Collected data
------------

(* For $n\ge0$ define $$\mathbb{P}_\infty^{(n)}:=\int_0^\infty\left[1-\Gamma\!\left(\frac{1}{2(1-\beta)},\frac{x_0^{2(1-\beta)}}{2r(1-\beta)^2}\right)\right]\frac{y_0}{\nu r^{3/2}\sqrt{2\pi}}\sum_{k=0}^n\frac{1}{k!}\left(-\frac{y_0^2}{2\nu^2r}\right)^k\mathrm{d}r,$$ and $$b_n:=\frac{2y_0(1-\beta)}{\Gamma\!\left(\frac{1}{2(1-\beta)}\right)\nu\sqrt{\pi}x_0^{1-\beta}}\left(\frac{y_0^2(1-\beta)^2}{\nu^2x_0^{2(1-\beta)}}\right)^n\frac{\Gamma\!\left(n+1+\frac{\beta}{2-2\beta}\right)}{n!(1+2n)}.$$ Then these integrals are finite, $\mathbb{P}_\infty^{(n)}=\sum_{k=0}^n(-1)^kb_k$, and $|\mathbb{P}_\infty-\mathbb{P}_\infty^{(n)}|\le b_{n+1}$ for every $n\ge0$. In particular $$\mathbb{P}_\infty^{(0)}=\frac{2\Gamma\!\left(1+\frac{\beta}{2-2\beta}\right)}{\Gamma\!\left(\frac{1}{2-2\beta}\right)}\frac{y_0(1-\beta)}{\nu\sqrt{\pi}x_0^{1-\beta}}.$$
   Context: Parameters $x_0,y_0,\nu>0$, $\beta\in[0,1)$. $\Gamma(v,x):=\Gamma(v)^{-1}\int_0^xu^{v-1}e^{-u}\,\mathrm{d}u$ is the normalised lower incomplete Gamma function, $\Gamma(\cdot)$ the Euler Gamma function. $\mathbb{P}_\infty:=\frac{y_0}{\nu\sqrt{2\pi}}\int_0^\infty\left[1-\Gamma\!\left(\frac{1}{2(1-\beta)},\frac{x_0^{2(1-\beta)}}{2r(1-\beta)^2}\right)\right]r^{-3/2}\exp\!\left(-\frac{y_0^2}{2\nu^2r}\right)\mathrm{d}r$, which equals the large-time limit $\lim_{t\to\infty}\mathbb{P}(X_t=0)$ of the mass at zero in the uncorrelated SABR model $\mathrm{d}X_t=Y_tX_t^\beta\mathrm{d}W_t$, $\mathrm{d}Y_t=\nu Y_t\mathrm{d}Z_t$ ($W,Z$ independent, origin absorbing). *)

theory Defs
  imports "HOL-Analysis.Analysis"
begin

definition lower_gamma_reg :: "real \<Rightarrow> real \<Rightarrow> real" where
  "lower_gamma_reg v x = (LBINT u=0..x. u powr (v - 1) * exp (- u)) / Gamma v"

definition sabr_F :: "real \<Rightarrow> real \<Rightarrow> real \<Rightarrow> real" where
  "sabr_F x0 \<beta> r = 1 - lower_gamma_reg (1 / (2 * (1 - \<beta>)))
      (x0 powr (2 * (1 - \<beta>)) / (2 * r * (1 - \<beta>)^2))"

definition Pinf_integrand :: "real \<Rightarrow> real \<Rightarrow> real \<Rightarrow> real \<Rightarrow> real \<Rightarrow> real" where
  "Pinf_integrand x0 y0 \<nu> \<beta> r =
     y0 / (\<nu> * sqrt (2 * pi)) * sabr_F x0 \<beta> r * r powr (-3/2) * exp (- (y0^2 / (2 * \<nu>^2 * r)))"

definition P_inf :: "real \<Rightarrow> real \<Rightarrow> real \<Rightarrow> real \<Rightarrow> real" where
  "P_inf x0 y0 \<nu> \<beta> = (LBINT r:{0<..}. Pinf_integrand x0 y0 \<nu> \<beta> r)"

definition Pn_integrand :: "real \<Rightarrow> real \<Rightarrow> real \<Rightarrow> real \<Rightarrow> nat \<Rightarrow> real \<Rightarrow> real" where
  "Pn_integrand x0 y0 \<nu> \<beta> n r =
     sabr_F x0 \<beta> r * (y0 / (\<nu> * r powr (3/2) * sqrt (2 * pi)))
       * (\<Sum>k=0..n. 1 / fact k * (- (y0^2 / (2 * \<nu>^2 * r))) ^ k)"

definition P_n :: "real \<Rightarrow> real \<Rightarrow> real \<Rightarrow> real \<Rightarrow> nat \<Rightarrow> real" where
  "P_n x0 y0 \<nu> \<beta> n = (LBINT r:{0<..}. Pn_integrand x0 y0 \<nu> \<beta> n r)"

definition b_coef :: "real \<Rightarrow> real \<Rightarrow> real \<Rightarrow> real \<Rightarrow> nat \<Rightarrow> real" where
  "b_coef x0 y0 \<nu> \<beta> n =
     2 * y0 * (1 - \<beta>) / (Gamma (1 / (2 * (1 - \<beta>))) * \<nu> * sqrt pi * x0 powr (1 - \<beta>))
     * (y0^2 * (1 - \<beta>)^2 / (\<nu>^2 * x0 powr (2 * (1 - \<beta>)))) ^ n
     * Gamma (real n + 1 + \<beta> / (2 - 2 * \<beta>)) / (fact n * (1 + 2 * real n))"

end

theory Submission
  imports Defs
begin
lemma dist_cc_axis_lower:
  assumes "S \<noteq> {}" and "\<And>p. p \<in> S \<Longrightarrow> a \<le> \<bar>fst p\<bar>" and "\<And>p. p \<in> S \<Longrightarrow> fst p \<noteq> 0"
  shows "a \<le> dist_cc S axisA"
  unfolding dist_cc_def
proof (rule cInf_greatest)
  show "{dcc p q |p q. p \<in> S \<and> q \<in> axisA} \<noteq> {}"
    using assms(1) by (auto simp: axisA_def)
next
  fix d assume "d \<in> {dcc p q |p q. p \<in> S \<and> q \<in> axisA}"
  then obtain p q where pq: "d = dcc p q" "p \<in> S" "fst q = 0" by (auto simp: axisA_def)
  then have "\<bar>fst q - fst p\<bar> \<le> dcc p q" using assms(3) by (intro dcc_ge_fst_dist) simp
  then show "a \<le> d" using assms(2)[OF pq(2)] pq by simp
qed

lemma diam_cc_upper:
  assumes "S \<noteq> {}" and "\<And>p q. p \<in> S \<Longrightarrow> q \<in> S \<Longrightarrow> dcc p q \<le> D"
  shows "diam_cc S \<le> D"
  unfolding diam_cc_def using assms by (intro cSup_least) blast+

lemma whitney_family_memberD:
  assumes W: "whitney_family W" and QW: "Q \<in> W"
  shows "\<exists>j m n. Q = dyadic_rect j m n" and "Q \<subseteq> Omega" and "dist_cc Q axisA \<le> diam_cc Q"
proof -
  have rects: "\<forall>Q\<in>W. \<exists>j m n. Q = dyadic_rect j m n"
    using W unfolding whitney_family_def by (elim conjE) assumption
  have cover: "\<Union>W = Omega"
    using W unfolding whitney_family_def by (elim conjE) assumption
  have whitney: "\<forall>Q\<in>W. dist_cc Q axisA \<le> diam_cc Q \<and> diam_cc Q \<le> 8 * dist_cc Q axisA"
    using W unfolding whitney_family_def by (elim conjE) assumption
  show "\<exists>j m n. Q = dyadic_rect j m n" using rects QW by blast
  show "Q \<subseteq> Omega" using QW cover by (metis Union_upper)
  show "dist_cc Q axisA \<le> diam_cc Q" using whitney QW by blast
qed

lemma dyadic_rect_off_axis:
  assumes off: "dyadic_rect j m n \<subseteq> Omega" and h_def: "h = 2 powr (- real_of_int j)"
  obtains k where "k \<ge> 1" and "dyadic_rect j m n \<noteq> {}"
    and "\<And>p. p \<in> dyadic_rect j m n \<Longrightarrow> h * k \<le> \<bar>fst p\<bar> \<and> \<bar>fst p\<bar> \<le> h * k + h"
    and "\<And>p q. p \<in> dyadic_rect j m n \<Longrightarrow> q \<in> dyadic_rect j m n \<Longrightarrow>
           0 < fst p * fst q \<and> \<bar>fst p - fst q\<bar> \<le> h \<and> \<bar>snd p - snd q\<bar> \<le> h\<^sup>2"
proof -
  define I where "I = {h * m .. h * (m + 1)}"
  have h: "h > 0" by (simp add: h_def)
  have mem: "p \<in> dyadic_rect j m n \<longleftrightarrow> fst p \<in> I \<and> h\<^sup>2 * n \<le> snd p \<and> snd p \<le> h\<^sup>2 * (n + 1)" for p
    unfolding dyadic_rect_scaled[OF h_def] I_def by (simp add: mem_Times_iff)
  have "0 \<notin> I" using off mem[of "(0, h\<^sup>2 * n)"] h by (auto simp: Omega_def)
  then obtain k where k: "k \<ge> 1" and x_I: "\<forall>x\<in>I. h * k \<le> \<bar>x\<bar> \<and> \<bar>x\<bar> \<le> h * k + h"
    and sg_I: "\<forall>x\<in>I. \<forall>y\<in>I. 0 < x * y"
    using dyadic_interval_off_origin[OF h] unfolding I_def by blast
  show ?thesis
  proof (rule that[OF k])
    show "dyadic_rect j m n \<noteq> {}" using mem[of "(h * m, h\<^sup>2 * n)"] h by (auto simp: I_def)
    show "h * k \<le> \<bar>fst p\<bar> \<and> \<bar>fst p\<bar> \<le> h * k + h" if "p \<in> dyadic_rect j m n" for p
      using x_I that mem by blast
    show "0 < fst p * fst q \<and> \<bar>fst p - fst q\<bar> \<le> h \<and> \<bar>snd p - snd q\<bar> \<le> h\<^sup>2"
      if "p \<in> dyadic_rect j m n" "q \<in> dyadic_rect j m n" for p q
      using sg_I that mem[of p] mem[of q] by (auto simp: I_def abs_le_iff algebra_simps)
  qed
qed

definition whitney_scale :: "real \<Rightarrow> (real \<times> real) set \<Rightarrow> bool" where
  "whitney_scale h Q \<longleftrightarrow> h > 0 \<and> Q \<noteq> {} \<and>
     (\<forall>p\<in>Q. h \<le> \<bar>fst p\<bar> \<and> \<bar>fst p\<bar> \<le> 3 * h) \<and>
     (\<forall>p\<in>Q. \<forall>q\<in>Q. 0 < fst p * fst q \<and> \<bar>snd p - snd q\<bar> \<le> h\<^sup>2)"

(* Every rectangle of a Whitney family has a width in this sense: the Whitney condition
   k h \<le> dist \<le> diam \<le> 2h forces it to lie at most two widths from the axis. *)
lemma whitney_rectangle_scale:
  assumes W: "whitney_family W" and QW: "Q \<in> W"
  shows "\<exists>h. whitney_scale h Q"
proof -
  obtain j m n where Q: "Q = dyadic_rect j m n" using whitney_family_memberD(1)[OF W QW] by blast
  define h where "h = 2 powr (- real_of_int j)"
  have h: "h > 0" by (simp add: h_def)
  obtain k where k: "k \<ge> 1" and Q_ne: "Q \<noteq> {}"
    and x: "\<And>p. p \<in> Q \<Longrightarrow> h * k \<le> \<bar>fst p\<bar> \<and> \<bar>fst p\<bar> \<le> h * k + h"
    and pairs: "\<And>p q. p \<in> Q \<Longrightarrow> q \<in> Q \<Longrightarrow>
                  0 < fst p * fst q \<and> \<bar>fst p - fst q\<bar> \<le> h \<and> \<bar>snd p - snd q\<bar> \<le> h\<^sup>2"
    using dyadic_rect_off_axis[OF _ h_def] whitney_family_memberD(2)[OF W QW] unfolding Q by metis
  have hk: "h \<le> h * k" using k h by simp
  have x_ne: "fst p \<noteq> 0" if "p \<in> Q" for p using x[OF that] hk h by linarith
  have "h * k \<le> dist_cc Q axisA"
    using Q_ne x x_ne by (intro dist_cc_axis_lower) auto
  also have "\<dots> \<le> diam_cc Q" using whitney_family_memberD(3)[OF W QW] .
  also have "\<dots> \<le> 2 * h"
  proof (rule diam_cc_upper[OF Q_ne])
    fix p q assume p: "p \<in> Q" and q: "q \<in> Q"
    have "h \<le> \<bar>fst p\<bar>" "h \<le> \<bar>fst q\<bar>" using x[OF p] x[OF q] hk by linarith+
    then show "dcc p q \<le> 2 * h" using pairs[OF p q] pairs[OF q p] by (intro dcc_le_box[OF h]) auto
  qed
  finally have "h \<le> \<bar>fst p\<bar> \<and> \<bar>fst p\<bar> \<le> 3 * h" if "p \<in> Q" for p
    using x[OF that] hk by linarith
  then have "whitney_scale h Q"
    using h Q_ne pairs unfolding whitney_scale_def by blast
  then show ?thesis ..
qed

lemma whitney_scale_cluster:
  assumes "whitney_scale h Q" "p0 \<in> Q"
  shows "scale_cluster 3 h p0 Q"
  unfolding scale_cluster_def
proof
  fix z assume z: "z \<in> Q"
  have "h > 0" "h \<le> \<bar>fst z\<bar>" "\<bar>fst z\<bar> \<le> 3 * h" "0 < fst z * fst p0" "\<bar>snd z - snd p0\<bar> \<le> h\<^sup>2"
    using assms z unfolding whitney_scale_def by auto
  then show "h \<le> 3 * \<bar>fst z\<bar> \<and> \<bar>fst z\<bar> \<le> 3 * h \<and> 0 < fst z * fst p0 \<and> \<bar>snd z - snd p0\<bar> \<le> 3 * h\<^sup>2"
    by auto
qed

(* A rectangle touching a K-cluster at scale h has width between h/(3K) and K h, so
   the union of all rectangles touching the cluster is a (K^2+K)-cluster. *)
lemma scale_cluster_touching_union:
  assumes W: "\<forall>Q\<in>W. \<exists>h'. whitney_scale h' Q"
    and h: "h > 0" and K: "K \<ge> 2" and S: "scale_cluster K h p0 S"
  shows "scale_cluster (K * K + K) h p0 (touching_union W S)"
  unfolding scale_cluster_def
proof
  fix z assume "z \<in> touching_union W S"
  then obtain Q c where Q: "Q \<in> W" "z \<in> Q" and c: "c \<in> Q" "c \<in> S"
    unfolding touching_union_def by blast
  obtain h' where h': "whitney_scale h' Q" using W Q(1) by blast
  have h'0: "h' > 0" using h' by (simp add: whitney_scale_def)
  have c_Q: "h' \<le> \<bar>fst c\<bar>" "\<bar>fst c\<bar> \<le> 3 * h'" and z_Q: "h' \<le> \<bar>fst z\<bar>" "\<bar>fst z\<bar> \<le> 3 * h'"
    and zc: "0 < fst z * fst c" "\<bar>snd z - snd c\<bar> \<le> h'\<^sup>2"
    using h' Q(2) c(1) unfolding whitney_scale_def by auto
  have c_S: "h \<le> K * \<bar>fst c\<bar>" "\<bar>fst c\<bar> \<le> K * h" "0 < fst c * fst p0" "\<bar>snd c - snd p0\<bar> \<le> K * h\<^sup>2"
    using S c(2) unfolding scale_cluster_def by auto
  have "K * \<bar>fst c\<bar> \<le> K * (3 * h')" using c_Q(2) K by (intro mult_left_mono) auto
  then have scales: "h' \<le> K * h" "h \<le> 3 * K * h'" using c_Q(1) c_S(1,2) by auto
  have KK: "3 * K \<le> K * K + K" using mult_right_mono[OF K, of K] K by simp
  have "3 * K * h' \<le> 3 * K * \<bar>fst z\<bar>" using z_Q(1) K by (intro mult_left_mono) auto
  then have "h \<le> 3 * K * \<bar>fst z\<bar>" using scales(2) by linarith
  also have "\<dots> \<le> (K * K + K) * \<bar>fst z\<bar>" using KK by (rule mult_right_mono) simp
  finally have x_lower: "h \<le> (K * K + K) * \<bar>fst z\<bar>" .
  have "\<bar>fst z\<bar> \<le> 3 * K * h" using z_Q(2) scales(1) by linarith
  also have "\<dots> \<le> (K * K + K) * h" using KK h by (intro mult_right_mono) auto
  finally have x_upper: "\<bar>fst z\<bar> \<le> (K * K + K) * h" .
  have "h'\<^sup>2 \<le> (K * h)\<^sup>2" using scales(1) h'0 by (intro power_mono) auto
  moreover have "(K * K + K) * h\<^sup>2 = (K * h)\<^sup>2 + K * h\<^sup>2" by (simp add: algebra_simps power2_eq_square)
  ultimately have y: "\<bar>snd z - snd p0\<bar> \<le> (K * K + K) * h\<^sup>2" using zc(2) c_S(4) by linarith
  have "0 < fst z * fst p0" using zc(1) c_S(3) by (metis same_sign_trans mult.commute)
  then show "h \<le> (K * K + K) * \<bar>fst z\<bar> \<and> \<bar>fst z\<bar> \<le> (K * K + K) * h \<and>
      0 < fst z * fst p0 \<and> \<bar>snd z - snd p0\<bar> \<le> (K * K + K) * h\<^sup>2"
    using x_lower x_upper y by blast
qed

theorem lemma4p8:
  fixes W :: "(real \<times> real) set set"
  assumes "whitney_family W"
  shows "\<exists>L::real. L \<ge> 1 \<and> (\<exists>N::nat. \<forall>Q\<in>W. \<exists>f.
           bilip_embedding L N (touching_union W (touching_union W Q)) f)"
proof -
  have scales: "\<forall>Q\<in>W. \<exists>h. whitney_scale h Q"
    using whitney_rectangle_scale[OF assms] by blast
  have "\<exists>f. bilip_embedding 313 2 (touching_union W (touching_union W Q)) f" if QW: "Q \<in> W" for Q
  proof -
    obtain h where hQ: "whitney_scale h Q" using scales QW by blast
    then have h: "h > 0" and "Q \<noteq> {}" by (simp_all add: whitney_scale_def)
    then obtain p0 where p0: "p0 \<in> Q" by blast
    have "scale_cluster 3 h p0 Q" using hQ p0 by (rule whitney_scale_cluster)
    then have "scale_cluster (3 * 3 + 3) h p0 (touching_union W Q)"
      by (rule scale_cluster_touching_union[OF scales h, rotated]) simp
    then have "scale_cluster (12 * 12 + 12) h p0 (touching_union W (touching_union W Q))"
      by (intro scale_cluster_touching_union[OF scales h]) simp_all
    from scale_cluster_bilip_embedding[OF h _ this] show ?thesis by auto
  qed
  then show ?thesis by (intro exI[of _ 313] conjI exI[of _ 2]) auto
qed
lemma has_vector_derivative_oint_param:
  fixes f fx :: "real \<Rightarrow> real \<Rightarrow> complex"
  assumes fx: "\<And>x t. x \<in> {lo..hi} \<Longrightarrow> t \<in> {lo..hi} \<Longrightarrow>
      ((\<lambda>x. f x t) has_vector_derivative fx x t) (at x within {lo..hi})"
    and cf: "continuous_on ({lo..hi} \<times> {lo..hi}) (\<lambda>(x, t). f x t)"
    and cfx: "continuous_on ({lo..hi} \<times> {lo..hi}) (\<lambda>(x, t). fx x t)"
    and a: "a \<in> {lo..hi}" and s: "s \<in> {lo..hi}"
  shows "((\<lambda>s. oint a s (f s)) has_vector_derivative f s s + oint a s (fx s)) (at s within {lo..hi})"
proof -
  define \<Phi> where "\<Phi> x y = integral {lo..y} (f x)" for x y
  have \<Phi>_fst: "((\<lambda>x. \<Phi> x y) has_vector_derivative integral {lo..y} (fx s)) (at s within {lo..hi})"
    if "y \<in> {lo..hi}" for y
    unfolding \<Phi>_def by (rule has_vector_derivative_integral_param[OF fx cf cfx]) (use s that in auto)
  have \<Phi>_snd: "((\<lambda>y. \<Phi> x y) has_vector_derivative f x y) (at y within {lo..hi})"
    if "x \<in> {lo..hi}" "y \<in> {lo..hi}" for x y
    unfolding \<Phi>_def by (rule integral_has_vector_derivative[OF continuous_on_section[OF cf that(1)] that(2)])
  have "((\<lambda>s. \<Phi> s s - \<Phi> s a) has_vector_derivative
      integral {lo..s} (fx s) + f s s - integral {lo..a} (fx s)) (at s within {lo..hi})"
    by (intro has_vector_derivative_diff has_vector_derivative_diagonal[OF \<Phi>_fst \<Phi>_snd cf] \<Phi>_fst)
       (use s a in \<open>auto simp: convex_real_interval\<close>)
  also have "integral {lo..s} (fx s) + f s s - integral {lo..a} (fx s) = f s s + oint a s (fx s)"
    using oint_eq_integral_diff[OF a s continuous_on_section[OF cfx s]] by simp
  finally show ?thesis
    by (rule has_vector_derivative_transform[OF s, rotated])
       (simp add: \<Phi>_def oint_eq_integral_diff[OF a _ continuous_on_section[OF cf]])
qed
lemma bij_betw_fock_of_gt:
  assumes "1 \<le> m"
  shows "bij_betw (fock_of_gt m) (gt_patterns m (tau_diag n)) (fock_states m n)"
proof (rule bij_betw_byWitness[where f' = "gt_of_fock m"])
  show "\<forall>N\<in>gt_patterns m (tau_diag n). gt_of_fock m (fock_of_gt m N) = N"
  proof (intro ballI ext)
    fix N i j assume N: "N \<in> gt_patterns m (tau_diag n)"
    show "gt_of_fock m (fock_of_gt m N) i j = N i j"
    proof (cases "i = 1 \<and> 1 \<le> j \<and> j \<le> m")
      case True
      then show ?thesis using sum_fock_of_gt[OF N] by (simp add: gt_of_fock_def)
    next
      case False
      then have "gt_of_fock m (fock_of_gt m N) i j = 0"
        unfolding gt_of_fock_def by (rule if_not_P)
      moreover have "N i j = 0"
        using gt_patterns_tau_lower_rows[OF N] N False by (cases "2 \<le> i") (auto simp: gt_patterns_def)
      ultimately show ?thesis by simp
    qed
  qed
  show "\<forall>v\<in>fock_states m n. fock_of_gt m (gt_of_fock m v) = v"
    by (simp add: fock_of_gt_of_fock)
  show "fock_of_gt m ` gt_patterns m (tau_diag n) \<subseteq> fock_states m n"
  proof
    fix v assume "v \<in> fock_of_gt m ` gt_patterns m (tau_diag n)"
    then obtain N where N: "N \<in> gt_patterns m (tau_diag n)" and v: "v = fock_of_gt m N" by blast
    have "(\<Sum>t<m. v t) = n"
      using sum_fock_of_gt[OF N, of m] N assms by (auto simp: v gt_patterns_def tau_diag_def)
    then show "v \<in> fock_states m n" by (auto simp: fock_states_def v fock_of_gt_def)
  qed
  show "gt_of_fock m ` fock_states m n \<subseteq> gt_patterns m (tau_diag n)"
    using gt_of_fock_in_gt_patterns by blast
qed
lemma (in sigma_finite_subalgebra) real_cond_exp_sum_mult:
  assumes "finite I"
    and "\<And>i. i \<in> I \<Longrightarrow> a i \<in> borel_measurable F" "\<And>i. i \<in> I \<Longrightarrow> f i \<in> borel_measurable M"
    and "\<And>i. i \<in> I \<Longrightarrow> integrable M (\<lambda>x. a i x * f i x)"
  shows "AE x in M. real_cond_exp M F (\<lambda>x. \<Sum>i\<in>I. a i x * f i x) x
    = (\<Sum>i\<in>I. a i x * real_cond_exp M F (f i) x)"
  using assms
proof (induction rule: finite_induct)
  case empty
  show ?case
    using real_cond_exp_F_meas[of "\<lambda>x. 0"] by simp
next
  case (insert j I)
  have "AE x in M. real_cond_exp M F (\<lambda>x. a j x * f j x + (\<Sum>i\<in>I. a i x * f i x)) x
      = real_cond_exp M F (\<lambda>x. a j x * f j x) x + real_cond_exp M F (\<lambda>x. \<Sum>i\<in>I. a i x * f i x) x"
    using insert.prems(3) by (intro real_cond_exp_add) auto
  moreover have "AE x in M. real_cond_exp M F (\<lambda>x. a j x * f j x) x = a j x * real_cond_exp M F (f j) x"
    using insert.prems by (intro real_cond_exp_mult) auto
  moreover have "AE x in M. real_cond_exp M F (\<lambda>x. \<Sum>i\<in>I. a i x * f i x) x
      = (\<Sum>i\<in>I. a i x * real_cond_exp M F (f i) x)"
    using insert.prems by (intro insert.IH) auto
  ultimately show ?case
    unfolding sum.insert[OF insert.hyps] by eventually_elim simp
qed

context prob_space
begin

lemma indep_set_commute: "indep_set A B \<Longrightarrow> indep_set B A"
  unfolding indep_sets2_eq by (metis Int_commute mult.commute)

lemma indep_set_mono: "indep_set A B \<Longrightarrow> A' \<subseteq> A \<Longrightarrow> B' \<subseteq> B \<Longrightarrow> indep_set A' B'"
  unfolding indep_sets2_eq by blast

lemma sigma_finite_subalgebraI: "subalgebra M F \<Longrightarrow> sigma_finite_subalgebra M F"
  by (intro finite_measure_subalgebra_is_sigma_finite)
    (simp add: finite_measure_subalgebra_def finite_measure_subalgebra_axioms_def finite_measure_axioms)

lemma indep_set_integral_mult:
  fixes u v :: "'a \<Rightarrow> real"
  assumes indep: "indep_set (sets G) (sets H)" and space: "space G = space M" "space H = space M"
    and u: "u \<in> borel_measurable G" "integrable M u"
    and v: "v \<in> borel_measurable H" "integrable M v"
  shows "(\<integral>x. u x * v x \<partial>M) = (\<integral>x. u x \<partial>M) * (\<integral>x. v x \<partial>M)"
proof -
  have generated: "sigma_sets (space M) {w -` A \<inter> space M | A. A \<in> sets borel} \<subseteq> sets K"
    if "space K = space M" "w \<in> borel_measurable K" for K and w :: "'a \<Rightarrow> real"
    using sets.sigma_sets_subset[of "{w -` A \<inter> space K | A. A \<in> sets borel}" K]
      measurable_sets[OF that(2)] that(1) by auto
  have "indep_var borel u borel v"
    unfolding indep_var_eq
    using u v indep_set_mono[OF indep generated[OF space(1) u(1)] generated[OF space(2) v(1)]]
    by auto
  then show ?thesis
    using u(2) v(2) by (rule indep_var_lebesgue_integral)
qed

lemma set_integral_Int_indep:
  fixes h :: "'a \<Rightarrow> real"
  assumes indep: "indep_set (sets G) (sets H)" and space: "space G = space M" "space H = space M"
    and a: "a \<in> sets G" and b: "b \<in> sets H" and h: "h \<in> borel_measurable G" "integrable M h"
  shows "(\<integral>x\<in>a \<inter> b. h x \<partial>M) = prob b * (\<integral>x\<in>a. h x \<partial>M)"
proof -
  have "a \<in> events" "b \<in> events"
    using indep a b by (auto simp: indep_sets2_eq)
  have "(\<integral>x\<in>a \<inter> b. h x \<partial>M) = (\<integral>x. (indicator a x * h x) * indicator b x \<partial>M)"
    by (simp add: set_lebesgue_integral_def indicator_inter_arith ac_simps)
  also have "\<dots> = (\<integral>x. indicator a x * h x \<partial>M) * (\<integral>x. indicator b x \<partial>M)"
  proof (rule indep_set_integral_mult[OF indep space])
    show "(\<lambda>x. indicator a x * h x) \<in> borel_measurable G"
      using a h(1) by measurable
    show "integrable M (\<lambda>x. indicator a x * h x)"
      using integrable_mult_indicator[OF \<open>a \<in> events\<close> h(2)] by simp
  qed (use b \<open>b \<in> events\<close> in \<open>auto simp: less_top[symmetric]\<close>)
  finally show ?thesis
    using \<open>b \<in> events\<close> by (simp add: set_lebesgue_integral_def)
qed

------------

**EXERCISE OBJECTIVE:**
Print the lines above from the one with "y0 \<nu> \<beta> = (LBINT" through the one with "nat \<Rightarrow> real \<Rightarrow>", both included, exactly as written and nothing more.

**TASK ANSWER:**
  "P_inf x0 y0 \<nu> \<beta> = (LBINT r:{0<..}. Pinf_integrand x0 y0 \<nu> \<beta> r)"

definition Pn_integrand :: "real \<Rightarrow> real \<Rightarrow> real \<Rightarrow> real \<Rightarrow> nat \<Rightarrow> real \<Rightarrow> real" where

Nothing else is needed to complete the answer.